Roland stared at her, waiting. His right hand trembled.
“Because,” Gina said, “you’re a drug addict, a pillhead, what’s called on the street a garbagehead.”
“What the hell are you talking about? I have a damaged shoulder. The doctors gave me Vicodin to deal with it.”
“Listen to me real carefully, Roland. That’s the first and only prescription from an actual doctor you’ve had in years. From the start your security detail has had officers who are totally devoted to me. In this tiny magic phone and on my office computer I have confidential reports and dozens of pictures of well-dressed men and women, otherwise known as classy drug dealers, going to your office and coming here to deliver Vicodin, Xanax, Percocet, Oxycodone, every scheduled drug known to modern chemists, and in those pictures you’re handing over cash for these yummy pills.”
After staring at her for twenty seconds, Roland said, “Let me tell you something, Gina. I am the mayor of the largest city in this country. I take that responsibility seriously. I didn’t get here by being just a pretty boy, or the son of famous parents, or by winning the lottery. I got here, believe it or not, by hard work and by caring about people. I came up off the streets. I’ve been threatened by people before.
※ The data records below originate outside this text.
lemma lin_rec_of_annihilator:
  assumes "q D \<noteq> 0" "annihilates q D u"
  shows "lin_rec_on D (\<lambda>i. - q i / q D) UNIV u"
  unfolding lin_rec_on_def
proof
  fix k :: int
  have "q D * u (k + int D) + (\<Sum>j<D. q j * u (k + int j)) = 0"
    using assms(2) unfolding annihilates_def lessThan_Suc_atMost[symmetric] by (simp add: add.commute)
  then show "u (k + int D) = (\<Sum>i<D. - q i / q D * u (k + int i))"
    using assms(1) by (simp add: field_simps sum_divide_distrib[symmetric] sum_negf)
qed

lemma annihilated_imp_admissible_rec:
  fixes u :: "int \<Rightarrow> real"
  assumes "q 0 \<noteq> 0" "annihilates q D u" "u n0 \<noteq> 0"
  shows "\<exists>d c. admissible_rec d c \<and> lin_rec_on d c UNIV u"
  using assms(2)
proof (induction D)
  case 0
  then have "(\<Sum>j\<le>0. q j * u (n0 + int j)) = 0"
    unfolding annihilates_def by blast
  then have "q 0 * u n0 = 0"
    by simp
  then show ?case
    using assms(1,3) by simp
next
  case (Suc D)
  show ?case
  proof (cases "q (Suc D) = 0")
    case True
    then have "annihilates q D u"
      using Suc.prems by (simp add: annihilates_def)
    then show ?thesis
      by (rule Suc.IH)
  next
    case False
    then have "admissible_rec (Suc D) (\<lambda>i. - q i / q (Suc D))"
      using assms(1) by (simp add: admissible_rec_def)
    then show ?thesis
      using lin_rec_of_annihilator[OF False Suc.prems] by blast
  qed
qed
lemma subring_gen_zero: "0 \<in> subring_gen S"
  using subring_gen.add[OF subring_gen.one subring_gen.neg[OF subring_gen.one]] by simp

lemma subring_gen_of_int: "of_int c \<in> subring_gen S"
proof -
  have nat: "of_nat n \<in> subring_gen S" for n
    by (induction n) (auto intro: subring_gen_zero subring_gen.add subring_gen.one)
  show ?thesis
    using nat[of "nat c"] subring_gen.neg[OF nat[of "nat (- c)"]] by (cases "c \<ge> 0") simp_all
qed

lemma subring_gen_sum: "(\<And>x. x \<in> A \<Longrightarrow> f x \<in> subring_gen S) \<Longrightarrow> sum f A \<in> subring_gen S"
  by (induction A rule: infinite_finite_induct) (auto simp: subring_gen_zero intro: subring_gen.add)

lemma subring_gen_prod: "(\<And>x. x \<in> A \<Longrightarrow> f x \<in> subring_gen S) \<Longrightarrow> prod f A \<in> subring_gen S"
  by (induction A rule: infinite_finite_induct) (auto intro: subring_gen.one subring_gen.mult)

lemma subring_gen_power: "p \<in> subring_gen S \<Longrightarrow> p ^ n \<in> subring_gen S"
  by (induction n) (auto intro: subring_gen.one subring_gen.mult)

lemma subring_gen_minus_one_power: "(-1) ^ n \<in> subring_gen S"
  by (intro subring_gen_power subring_gen.neg subring_gen.one)

lemma subring_gen_subset_sym_laurent: "S \<subseteq> sym_laurent m \<Longrightarrow> subring_gen S \<subseteq> sym_laurent m"
  by (rule subring_gen_least) (auto intro: sym_laurent_one sym_laurent_add sym_laurent_uminus sym_laurent_mult)


section \<open>Elementary symmetric polynomials\<close>

definition esym_on :: "nat set \<Rightarrow> nat \<Rightarrow> lpoly" where
  "esym_on A c = (\<Sum>S\<in>{S. S \<subseteq> A \<and> card S = c}. mon (ind S))"

definition esym :: "nat \<Rightarrow> nat \<Rightarrow> lpoly" where
  "esym m c = esym_on {..<m} c"

lemma vieta:
  assumes "finite A"
  shows "(\<Prod>k\<in>A. y - lvar k) = (\<Sum>c\<le>card A. (-1) ^ c * esym_on A c * y ^ (card A - c))"
proof -
  have "(\<Prod>k\<in>A. y - lvar k) = (\<Prod>k\<in>A. - lvar k + y)"
    by simp
  also have "\<dots> = (\<Sum>X\<in>Pow A. (\<Prod>k\<in>X. - lvar k) * (\<Prod>k\<in>A - X. y))"
    by (rule prod_add[OF assms])
  also have "\<dots> = (\<Sum>X\<in>Pow A. (-1) ^ card X * mon (ind X) * y ^ (card A - card X))"
    by (rule sum.cong) (auto simp: prod_uminus prod_lvar card_Diff_subset finite_subset[OF _ assms])
  also have "\<dots> = (\<Sum>c\<le>card A. \<Sum>X\<in>{X. X \<in> Pow A \<and> card X = c}.
      (-1) ^ card X * mon (ind X) * y ^ (card A - card X))"
    by (rule sum.group[symmetric]) (auto simp: assms card_mono)
  also have "\<dots> = (\<Sum>c\<le>card A. (-1) ^ c * esym_on A c * y ^ (card A - c))"
    by (auto simp: esym_on_def sum_distrib_left sum_distrib_right intro!: sum.cong)
  finally show ?thesis .
qed

lemma esym_on_0: "finite A \<Longrightarrow> esym_on A 0 = 1"
proof -
  assume "finite A"
  then have "{S. S \<subseteq> A \<and> card S = 0} = {{}}"
    using finite_subset by fastforce
  then show ?thesis
    by (simp add: esym_on_def ind_def)
qed

lemma esym_0: "esym m 0 = 1"
  by (simp add: esym_def esym_on_0)

lemma esym_top: "esym m m = mon (ind {..<m})"
proof -
  have "{S. S \<subseteq> {..<m} \<and> card S = m} = {{..<m}}"
    using card_subset_eq[of "{..<m}"] by auto
  then show ?thesis
    by (simp add: esym_def esym_on_def)
qed

lemma lookup_esym:
  "Poly_Mapping.lookup (esym m c) \<beta> = (\<Sum>S\<in>{S. S \<subseteq> {..<m} \<and> card S = c}. if ind S = \<beta> then 1 else 0)"
  by (simp add: esym_def esym_on_def lookup_sum lookup_mon)

lemma keys_esym: "\<beta> \<in> Poly_Mapping.keys (esym m c) \<Longrightarrow> \<exists>S. S \<subseteq> {..<m} \<and> card S = c \<and> \<beta> = ind S"
proof (rule ccontr)
  assume "\<beta> \<in> Poly_Mapping.keys (esym m c)" "\<nexists>S. S \<subseteq> {..<m} \<and> card S = c \<and> \<beta> = ind S"
  moreover from this(2) have "Poly_Mapping.lookup (esym m c) \<beta> = 0"
    unfolding lookup_esym by (intro sum.neutral) auto
  ultimately show False
    by (simp add: in_keys_iff)
qed

lemma permutes_image_subsets:
  assumes "\<tau> permutes A"
  shows "bij_betw (image \<tau>) {S. S \<subseteq> A \<and> card S = c} {S. S \<subseteq> A \<and> card S = c}"
proof -
  have closed: "image \<rho> ` {S. S \<subseteq> A \<and> card S = c} \<subseteq> {S. S \<subseteq> A \<and> card S = c}" if "\<rho> permutes A" for \<rho>
    using permutes_image[OF that] card_image[OF inj_on_subset[OF bij_is_inj[OF permutes_bij[OF that]]]]
    by blast
  have b: "bij \<tau>" using assms by (rule permutes_bij)
  show ?thesis
    by (rule bij_betw_byWitness[where f' = "image (Hilbert_Choice.inv \<tau>)"])
      (use b closed[OF assms] closed[OF permutes_inv[OF assms]] in
        \<open>auto simp: image_comp bij_is_inj surj_f_inv_f[OF bij_is_surj]\<close>)
qed
text \<open>Applying S_c(O_nbd, O) along the rows of an enumeration of nat x nat gives one
  sequence of selections whose every tail still covers the space.\<close>
lemma Sc_nbd_tail_covers:
  fixes V :: "nat \<Rightarrow> 'a::topological_space set"
  assumes "Sc_nbd m e open_cover" and "\<And>n. open (V n) \<and> e \<in> V n"
  obtains A where "\<And>k. disjoint_open_refinement m (V k) (A k)"
    and "\<And>j x. \<exists>k\<ge>j. x \<in> \<Union>(A k)"
proof -
  have "\<exists>A'. \<forall>j. (\<forall>i. disjoint_open_refinement m (V (prod_encode (j, i))) (A' j i))
                   \<and> open_cover (\<Union>i. A' j i)"
  proof (rule choice, rule allI)
    fix j
    have "\<forall>i. open (V (prod_encode (j, i))) \<and> e \<in> V (prod_encode (j, i))"
      using assms(2) by blast
    with spec[OF assms(1)[unfolded Sc_nbd_iff], of "\<lambda>i. V (prod_encode (j, i))"]
    show "\<exists>A. (\<forall>i. disjoint_open_refinement m (V (prod_encode (j, i))) (A i))
               \<and> open_cover (\<Union>i. A i)"
      by (rule mp)
  qed
  then obtain A' where ref: "\<And>j i. disjoint_open_refinement m (V (prod_encode (j, i))) (A' j i)"
    and cov: "\<And>j. open_cover (\<Union>i. A' j i)"
    by blast
  define A where "A k = A' (fst (prod_decode k)) (snd (prod_decode k))" for k
  show thesis
  proof
    show "disjoint_open_refinement m (V k) (A k)" for k
      using ref[of "fst (prod_decode k)" "snd (prod_decode k)"] by (simp add: A_def)
  next
    fix j x
    have "\<Union>(\<Union>i. A' j i) = UNIV"
      using cov[of j] unfolding open_cover_def by (rule conjunct2)
    then have "x \<in> \<Union>(\<Union>i. A' j i)"
      by (simp only: UNIV_I)
    then obtain i where "x \<in> \<Union>(A' j i)"
      by blast
    moreover have "A (prod_encode (j, i)) = A' j i" by (simp add: A_def)
    ultimately show "\<exists>k\<ge>j. x \<in> \<Union>(A k)"
      using le_prod_encode_1[of j i] by blast
  qed
qed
When I was a kid my father taught me that if a bigger kid pushed me around I should go find a baseball bat and swing hard at the other kid’s head.”
She was as steady as ever. “Roland, I’ve got the bat. It’s in this phone. I know how to swing at heads, too. We’re not that different. In fact, we’re brother and sister.”
“Let me ask you something. Who are you? We have a city out there that’s under siege. Thousands of people are dead. No one, no one, seems to have an exit strategy. Do you really think that by threatening me with being a garbagehead I’m going to make decisions, or not make them, that I think are in the best interests of the city? It’s not a good idea to threaten me.”
The commissioner of the New York City Police Department stood up. “You know what, Mr. Mayor. I’ve got my responsibilities, too. It’s not good for the city to be run by a drug addict.”